Exercise ▸ Hunt through the entries for the word "mathcal" and copy each line in which it appears.
Start of Data excerpts
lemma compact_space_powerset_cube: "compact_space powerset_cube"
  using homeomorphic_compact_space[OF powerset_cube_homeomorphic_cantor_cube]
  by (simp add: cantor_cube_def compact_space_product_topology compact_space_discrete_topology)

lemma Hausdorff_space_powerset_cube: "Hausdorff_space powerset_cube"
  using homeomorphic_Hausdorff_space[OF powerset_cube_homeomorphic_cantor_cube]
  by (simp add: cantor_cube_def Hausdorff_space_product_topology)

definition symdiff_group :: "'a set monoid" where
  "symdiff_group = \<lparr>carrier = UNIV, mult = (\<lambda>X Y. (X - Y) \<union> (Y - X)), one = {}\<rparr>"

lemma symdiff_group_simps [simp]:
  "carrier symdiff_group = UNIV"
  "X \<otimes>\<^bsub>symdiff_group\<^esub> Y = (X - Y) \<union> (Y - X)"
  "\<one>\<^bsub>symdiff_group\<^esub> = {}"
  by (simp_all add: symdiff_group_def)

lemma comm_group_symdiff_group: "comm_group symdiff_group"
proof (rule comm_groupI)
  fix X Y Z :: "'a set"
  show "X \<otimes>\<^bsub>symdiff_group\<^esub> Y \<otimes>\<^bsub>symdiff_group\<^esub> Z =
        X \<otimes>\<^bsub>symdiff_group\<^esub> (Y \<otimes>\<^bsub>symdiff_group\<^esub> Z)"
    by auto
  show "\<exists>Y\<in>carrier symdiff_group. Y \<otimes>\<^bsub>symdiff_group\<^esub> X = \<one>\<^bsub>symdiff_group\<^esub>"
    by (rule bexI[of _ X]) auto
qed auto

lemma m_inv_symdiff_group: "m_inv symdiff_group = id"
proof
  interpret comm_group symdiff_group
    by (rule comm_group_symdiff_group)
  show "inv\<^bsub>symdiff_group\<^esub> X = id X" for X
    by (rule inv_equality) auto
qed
End of Data excerpts
Start of Data excerpts
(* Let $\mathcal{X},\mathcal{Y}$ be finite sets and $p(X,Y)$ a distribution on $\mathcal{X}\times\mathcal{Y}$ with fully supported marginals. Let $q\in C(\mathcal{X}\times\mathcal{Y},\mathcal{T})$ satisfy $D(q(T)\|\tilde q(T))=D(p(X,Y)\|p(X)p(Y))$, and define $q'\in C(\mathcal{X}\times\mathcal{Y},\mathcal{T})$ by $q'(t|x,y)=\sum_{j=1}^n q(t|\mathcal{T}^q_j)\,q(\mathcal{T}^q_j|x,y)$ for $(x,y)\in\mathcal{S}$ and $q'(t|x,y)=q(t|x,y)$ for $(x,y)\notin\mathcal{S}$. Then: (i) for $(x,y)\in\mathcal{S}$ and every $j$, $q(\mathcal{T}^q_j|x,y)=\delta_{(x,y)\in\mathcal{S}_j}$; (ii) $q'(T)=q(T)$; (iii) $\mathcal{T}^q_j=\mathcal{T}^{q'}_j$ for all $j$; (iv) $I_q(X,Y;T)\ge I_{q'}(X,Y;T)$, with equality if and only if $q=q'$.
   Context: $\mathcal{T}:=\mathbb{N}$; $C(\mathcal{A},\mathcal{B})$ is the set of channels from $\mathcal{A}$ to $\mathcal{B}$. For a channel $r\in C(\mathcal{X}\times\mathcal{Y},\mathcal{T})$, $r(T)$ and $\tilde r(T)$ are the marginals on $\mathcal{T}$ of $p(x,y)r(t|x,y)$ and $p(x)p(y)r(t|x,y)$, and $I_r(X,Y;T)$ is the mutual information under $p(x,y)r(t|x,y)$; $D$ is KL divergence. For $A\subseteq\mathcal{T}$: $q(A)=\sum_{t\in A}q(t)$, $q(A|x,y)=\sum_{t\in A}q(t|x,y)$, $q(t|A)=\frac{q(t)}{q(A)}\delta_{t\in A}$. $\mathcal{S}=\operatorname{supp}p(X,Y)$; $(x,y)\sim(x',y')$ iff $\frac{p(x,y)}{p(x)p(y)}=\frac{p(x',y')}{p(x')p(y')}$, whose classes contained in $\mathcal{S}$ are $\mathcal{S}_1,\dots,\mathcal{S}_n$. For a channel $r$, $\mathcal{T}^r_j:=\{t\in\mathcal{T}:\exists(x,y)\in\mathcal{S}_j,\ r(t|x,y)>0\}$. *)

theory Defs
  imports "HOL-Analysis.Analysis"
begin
End of Data excerpts
Answer to this exercise ▸
(* Let $\mathcal{X},\mathcal{Y}$ be finite sets and $p(X,Y)$ a distribution on $\mathcal{X}\times\mathcal{Y}$ with fully supported marginals. Let $q\in C(\mathcal{X}\times\mathcal{Y},\mathcal{T})$ satisfy $D(q(T)\|\tilde q(T))=D(p(X,Y)\|p(X)p(Y))$, and define $q'\in C(\mathcal{X}\times\mathcal{Y},\mathcal{T})$ by $q'(t|x,y)=\sum_{j=1}^n q(t|\mathcal{T}^q_j)\,q(\mathcal{T}^q_j|x,y)$ for $(x,y)\in\mathcal{S}$ and $q'(t|x,y)=q(t|x,y)$ for $(x,y)\notin\mathcal{S}$. Then: (i) for $(x,y)\in\mathcal{S}$ and every $j$, $q(\mathcal{T}^q_j|x,y)=\delta_{(x,y)\in\mathcal{S}_j}$; (ii) $q'(T)=q(T)$; (iii) $\mathcal{T}^q_j=\mathcal{T}^{q'}_j$ for all $j$; (iv) $I_q(X,Y;T)\ge I_{q'}(X,Y;T)$, with equality if and only if $q=q'$.
   Context: $\mathcal{T}:=\mathbb{N}$; $C(\mathcal{A},\mathcal{B})$ is the set of channels from $\mathcal{A}$ to $\mathcal{B}$. For a channel $r\in C(\mathcal{X}\times\mathcal{Y},\mathcal{T})$, $r(T)$ and $\tilde r(T)$ are the marginals on $\mathcal{T}$ of $p(x,y)r(t|x,y)$ and $p(x)p(y)r(t|x,y)$, and $I_r(X,Y;T)$ is the mutual information under $p(x,y)r(t|x,y)$; $D$ is KL divergence. For $A\subseteq\mathcal{T}$: $q(A)=\sum_{t\in A}q(t)$, $q(A|x,y)=\sum_{t\in A}q(t|x,y)$, $q(t|A)=\frac{q(t)}{q(A)}\delta_{t\in A}$. $\mathcal{S}=\operatorname{supp}p(X,Y)$; $(x,y)\sim(x',y')$ iff $\frac{p(x,y)}{p(x)p(y)}=\frac{p(x',y')}{p(x')p(y')}$, whose classes contained in $\mathcal{S}$ are $\mathcal{S}_1,\dots,\mathcal{S}_n$. For a channel $r$, $\mathcal{T}^r_j:=\{t\in\mathcal{T}:\exists(x,y)\in\mathcal{S}_j,\ r(t|x,y)>0\}$. *)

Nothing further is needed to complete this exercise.